I would vote for Barry Bonds. I would also vote to rename the Hall of Fame to something like Barryland, and there would be more roller coasters and out-of-work actors in foam Barry Bonds suits. But the voting for Bonds is what we're talking about here. I'd vote for him for a pair of reasons:

1. The Story of the Game

That's what I think the Hall of Fame is about. Obviously I didn't invent the thing, and my interpretation is only as valid as the next outsider's. But my ideal Hall of Fame is a museum that takes you through the history of the game. It's why I have no problem supporting a guy like Kirby Puckett, a fan-favorite who defined baseball for a city, but I struggle with the candidacy of Kenny Lofton, who was just one of the stars on a loaded roster before he was a baseball vagabond.

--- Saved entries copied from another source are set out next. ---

lemma DP_singular_eq:
  assumes mu: "min_unsat G" and unit: "ldeg G x = 1" and C: "C \<in> G" "x \<in> C"
  shows "DP (var_of x) G = (G - insert C {D \<in> G. comp x \<in> D}) \<union>
           (\<lambda>D. C \<union> D - {x, comp x}) ` {D \<in> G. comp x \<in> D}"
proof -
  have "var_of x \<notin> vars E \<longleftrightarrow> E \<noteq> C \<and> comp x \<notin> E" if "E \<in> G" for E
  proof -
    have "x \<in> E \<longleftrightarrow> E = C"
      using ldeg_eq_1_unique[OF unit that _ C] C(2) by blast
    then show ?thesis
      unfolding var_of_mem_vars_iff by blast
  qed
  then have kept: "{E \<in> G. var_of x \<notin> vars E} = G - insert C {D \<in> G. comp x \<in> D}"
    by blast
  have resolvents: "{X \<union> Y - {x, comp x} | X Y. X \<in> G \<and> Y \<in> G \<and> X \<inter> comp ` Y = {x}} =
      (\<lambda>D. C \<union> D - {x, comp x}) ` {D \<in> G. comp x \<in> D}" (is "?R = ?f ` ?A")
  proof (intro set_eqI iffI)
    fix E assume "E \<in> ?R"
    then obtain X Y where XY: "X \<in> G" "Y \<in> G" "X \<inter> comp ` Y = {x}" "E = X \<union> Y - {x, comp x}"
      by blast
    then have "X = C" "comp x \<in> Y"
      using clash_mem[OF XY(3)] ldeg_eq_1_unique[OF unit XY(1) _ C] by blast+
    then show "E \<in> ?f ` ?A"
      using XY by blast
  next
    fix E assume "E \<in> ?f ` ?A"
    then obtain D where "D \<in> G" "comp x \<in> D" "E = C \<union> D - {x, comp x}"
      by blast
    then show "E \<in> ?R"
      using C(1) clash_eq_singleton[OF mu unit C] by blast
  qed
  show ?thesis
    unfolding DP_var_of kept resolvents ..
qed

lemma resolvent_mem_DP:
  assumes mu: "min_unsat H" and "singular H (var_of x)"
    and P: "P \<in> H" "x \<in> P" and N: "N \<in> H" "comp x \<in> N"
  shows "P \<union> N - {x, comp x} \<in> DP (var_of x) H"
proof -
  obtain z where z: "var_of z = var_of x" "ldeg H z = 1"
    using singular_obtains_unit_literal[OF assms(2)] by metis
  then consider "z = x" | "z = comp x"
    using var_of_eq_iff by blast
  then show ?thesis
  proof cases
    case 1
    then have "P \<inter> comp ` N = {x}"
      using clash_eq_singleton[OF mu _ P N] z by simp
    then show ?thesis
      using clashing_resolvent_mem_DP[OF P(1) N(1)] by blast
  next
    case 2
    then have "N \<inter> comp ` P = {comp x}"
      using clash_eq_singleton[OF mu _ N, of P] z P by simp
    then have "N \<union> P - {comp x, comp (comp x)} \<in> DP (var_of x) H"
      using clashing_resolvent_mem_DP[OF N(1) P(1)] by simp
    moreover have "N \<union> P - {comp x, comp (comp x)} = P \<union> N - {x, comp x}"
      by auto
    ultimately show ?thesis
      by simp
  qed
qed

lemma satisfiable_DP_remove_kept:
  assumes mu: "min_unsat G" and unit: "ldeg G x = 1" and C: "C \<in> G" "x \<in> C"
    and E: "E \<in> G" "E \<noteq> C" "comp x \<notin> E"
  shows "satisfiable (DP (var_of x) G - {E})"
proof -
  obtain \<phi> where sat: "\<forall>E'\<in>G - {E}. \<exists>z\<in>E'. lit_val \<phi> z"
    by (rule min_unsat_remove[OF mu E(1)])
  have "comp x \<notin> C"
    using comp_notin_clause[OF min_unsat_clause[OF mu C(1)] C(2)] .
  have "\<exists>z\<in>E'. lit_val \<phi> z" if "E' \<in> DP (var_of x) G - {E}" for E'
  proof -
    from that consider "E' \<in> G - {E}" | D where "D \<in> G" "comp x \<in> D" "E' = C \<union> D - {x, comp x}"
      unfolding DP_singular_eq[OF mu unit C] by blast
    then show ?thesis
    proof cases
      case (2 D)
      then have "C \<in> G - {E}" "D \<in> G - {E}"
        using C(1) E by blast+
      then obtain z1 z2 where z: "z1 \<in> C" "lit_val \<phi> z1" "z2 \<in> D" "lit_val \<phi> z2"
        using sat by meson
      have "x \<notin> D"
        using comp_notin_clause[OF min_unsat_clause[OF mu 2(1)] 2(2)] by simp
      then show ?thesis
        using z 2(3) \<open>comp x \<notin> C\<close> by (cases "z1 = x") auto
    qed (use sat in blast)
  qed
  then show ?thesis
    unfolding satisfiable_def by blast
qed

lemma satisfiable_DP_remove_resolvent:
  assumes mu: "min_unsat G" and unit: "ldeg G x = 1" and C: "C \<in> G" "x \<in> C"
    and D0: "D0 \<in> G" "comp x \<in> D0"
  shows "satisfiable (DP (var_of x) G - {C \<union> D0 - {x, comp x}})"
proof -
  obtain \<phi> where others: "\<forall>E\<in>G - {C, D0}. \<exists>z\<in>E. var_of z \<noteq> var_of x \<and> lit_val \<phi> z"
    by (rule exists_assignment_falsifying_resolvent[OF mu unit C D0])
  have "comp x \<notin> C"
    using comp_notin_clause[OF min_unsat_clause[OF mu C(1)] C(2)] .
  have "\<exists>z\<in>E'. lit_val \<phi> z" if "E' \<in> DP (var_of x) G - {C \<union> D0 - {x, comp x}}" for E'
  proof -
    from that consider "E' \<in> G - {C, D0}" | D where "D \<in> G - {C, D0}" "E' = C \<union> D - {x, comp x}"
      unfolding DP_singular_eq[OF mu unit C] using D0 \<open>comp x \<notin> C\<close> by blast
    then show ?thesis
    proof cases
      case (2 D)
      then obtain z where "z \<in> D" "var_of z \<noteq> var_of x" "lit_val \<phi> z"
        using others by blast
      then show ?thesis
        using 2(2) by auto
    qed (use others in blast)
  qed
  then show ?thesis
    unfolding satisfiable_def by blast
qed

lemma DP_min_unsat:
  assumes mu: "min_unsat G" and "singular G v"
  shows "min_unsat (DP v G)"
proof -
  obtain x where x: "var_of x = v" "ldeg G x = 1"
    using singular_obtains_unit_literal[OF assms(2)] by metis
  obtain C where C: "C \<in> G" "x \<in> C"
    using ldeg_eq_1_obtains[OF x(2)] .
  have remove: "satisfiable (DP v G - {E})" if "E \<in> DP v G" for E
  proof -
    from that consider "E \<in> G" "E \<noteq> C" "comp x \<notin> E"
      | D where "D \<in> G" "comp x \<in> D" "E = C \<union> D - {x, comp x}"
      unfolding x(1)[symmetric] DP_singular_eq[OF mu x(2) C] by blast
    then show ?thesis
    proof cases
      case 1
      then show ?thesis
        using satisfiable_DP_remove_kept[OF mu x(2) C] x(1) by blast
    next
      case (2 D)
      then show ?thesis
        using satisfiable_DP_remove_resolvent[OF mu x(2) C] x(1) by blast
    qed
  qed
  have minimal: "satisfiable F" if F: "F \<subset> DP v G" for F
  proof -
    obtain E where E: "E \<in> DP v G" "F \<subseteq> DP v G - {E}"
      using F by blast
    then show ?thesis
      using remove satisfiable_subset by blast
  qed
  have "is_clause_set G" "\<not> satisfiable G"
    using mu unfolding min_unsat_def by blast+
  then have "is_clause_set (DP v G)" "\<not> satisfiable (DP v G)"
    by (simp_all add: DP_is_clause_set DP_unsatisfiable)
  then show ?thesis
    unfolding min_unsat_def using minimal by blast
qed

lemma clause_not_subset_resolvent:
  assumes mu: "min_unsat G" and unit: "ldeg G x = 1"
    and C: "C \<in> G" "x \<in> C" and D: "D \<in> G" "comp x \<in> D" and E: "E \<in> G - {C, D}"
  shows "\<not> E - {x, comp x} \<subseteq> C \<union> D"
proof
  assume sub: "E - {x, comp x} \<subseteq> C \<union> D"
  obtain \<phi> where C_false: "\<forall>z\<in>C. \<not> lit_val \<phi> z"
    and D_false: "\<forall>z\<in>D - {comp x}. \<not> lit_val \<phi> z"
    and others: "\<forall>E\<in>G - {C, D}. \<exists>z\<in>E. var_of z \<noteq> var_of x \<and> lit_val \<phi> z"
    by (rule exists_assignment_falsifying_resolvent[OF mu unit C D])
  obtain z where z: "z \<in> E" "var_of z \<noteq> var_of x" "lit_val \<phi> z"
    using others E by blast
  then have "z \<in> C \<or> z \<in> D - {comp x}"
    using sub by auto
  then show False
    using C_false D_false z(3) by blast
qed

lemma resolvent_notin:
  assumes mu: "min_unsat G" and unit: "ldeg G x = 1"
    and C: "C \<in> G" "x \<in> C" and D: "D \<in> G" "comp x \<in> D"
  shows "C \<union> D - {x, comp x} \<notin> G"
proof
  assume "C \<union> D - {x, comp x} \<in> G"
  moreover have "C \<union> D - {x, comp x} \<noteq> C" "C \<union> D - {x, comp x} \<noteq> D"
    using C(2) D(2) by blast+
  ultimately have "C \<union> D - {x, comp x} \<in> G - {C, D}"
    by blast
  from clause_not_subset_resolvent[OF mu unit C D this] show False
    by blast
qed

lemma inj_on_resolvent:
  assumes mu: "min_unsat G" and unit: "ldeg G x = 1" and C: "C \<in> G" "x \<in> C"
  shows "inj_on (\<lambda>D. C \<union> D - {x, comp x}) {D \<in> G. comp x \<in> D}"
proof (rule inj_onI, rule ccontr)
  fix D1 D2
  assume D1: "D1 \<in> {D \<in> G. comp x \<in> D}" and D2: "D2 \<in> {D \<in> G. comp x \<in> D}"
    and eq: "C \<union> D1 - {x, comp x} = C \<union> D2 - {x, comp x}" and "D1 \<noteq> D2"
  have "D2 \<noteq> C"
    using D2 comp_notin_clause[OF min_unsat_clause[OF mu C(1)] C(2)] by blast
  then have "D2 \<in> G - {C, D1}"
    using D2 \<open>D1 \<noteq> D2\<close> by blast
  moreover have "D2 - {x, comp x} \<subseteq> C \<union> D1"
    using eq by blast
  moreover have "D1 \<in> G" "comp x \<in> D1"
    using D1 by blast+
  ultimately show False
    using clause_not_subset_resolvent[OF mu unit C, of D1 D2] by blast
qed

lemma ldeg_split:
  assumes "finite G" "C \<in> G" "A \<subseteq> G" "C \<notin> A"
  shows "ldeg G y = card {E \<in> G - insert C A. y \<in> E} + (if y \<in> C then 1 else 0) + card {D \<in> A. y \<in> D}"
proof -
  have "finite A"
    using assms(1,3) by (rule finite_subset[rotated])
  have "{E \<in> G. y \<in> E} = {E \<in> G - insert C A. y \<in> E} \<union> {E \<in> insert C A. y \<in> E}"
    using assms(2,3) by auto
  moreover have "card {E \<in> insert C A. y \<in> E} = (if y \<in> C then 1 else 0) + card {D \<in> A. y \<in> D}"
  proof (cases "y \<in> C")
    case True
    then have "{E \<in> insert C A. y \<in> E} = insert C {D \<in> A. y \<in> D}"
      by auto
    then show ?thesis
      using True \<open>finite A\<close> assms(4) by simp
  next
    case False
    then have "{E \<in> insert C A. y \<in> E} = {D \<in> A. y \<in> D}"
      by auto
    then show ?thesis
      using False by simp
  qed
  ultimately show ?thesis
    unfolding ldeg_def using assms(1) \<open>finite A\<close> by (simp add: card_Un_disjoint disjoint_iff)
qed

It's why I think Pete Rose and Shoeless Joe Jackson should be in, with a plaque that explains their history. When you watched baseball in the '60s and '70s, what was it about? Well, there are all sorts of answers you can give, but eventually you'll get to a guy running around like an idiot, racking up hits, and getting booed wherever he played. Should this character ever have any involvement with the sport again? Oh, hell no. Gambling isn't something with nuance. Do it, and you don't get to work in baseball anymore.

But to pretend Rose doesn't exist in a museum about baseball? Ludicrous. Insincerely idealistic and childishly punitive. He was a part of the story.

Keeping Bonds and Roger Clemens and Mark McGwire out of that museum is just as silly. Here's the story of the game, children, but only the savory parts. Well, except for the virulent racism from the early days, but that was grandfathered in. Let's not talk about the different eras and controversies of baseball because those players are sitting in a corner, forever and ever if we have our way.

2. The Obvious Point

The anti-PED crowd is missing something big. By branding the debate something that's black-and-white, in-or-out, they're essentially saying that the steroid users are a special kind of morally bankrupt -- a new genus of baseball player that we've never had to deal with. Everyone who came before followed a certain set of ethics, and everyone who came after violated that set of ethics. And what that does is it turns the museum into something different:

The Hall of Players Who Never Had the Chance to Take Steroids

The Hall of Players Who Were Lucky Enough to Avoid This Specific Era

Because if you think that half of the people in the Hall of Fame wouldn't have taken some sort of mystery cream or goop or syringe or drug to make themselves better, you're insane. We're dealing with human nature, not the nature of a select group of malcontents and genetically deficient derelicts in an anomalous decade. I don't know if Mel Ott or Jimmie Foxx would have taken steroids, or if Goose Goslin or Paul Waner would have. But one of them would have.

That's what competitive (or greedy, or insecure, or …) people do. And from the '80s on, it was available to players. The players of today would also take the cell-repairing nanobots that will be outlawed in 2092, just like the players from 1900 would have. They weren't available to either set of players, though.

Long rant short: Keeping steroid users out is an exercise in ignoring context. It makes the Hall of Fame a museum without context. That's like a movie without images, a smore without graham crackers, or a copy of Snow's Greatest Hits without "Informer." Or, for that matter, a DVD of Snow's greatest hits without Game 2 of the 2000 NLDS. What's the point? What is this whole thing for? Shouldn't you just stop and call it something else?

The only way to argue otherwise is to see the Hall of Fame as nothing but some sort of reward for the players. If that's the point of the Hall of Fame, maybe we need a separate museum that tells about baseball's history instead. I'd rather go to that one.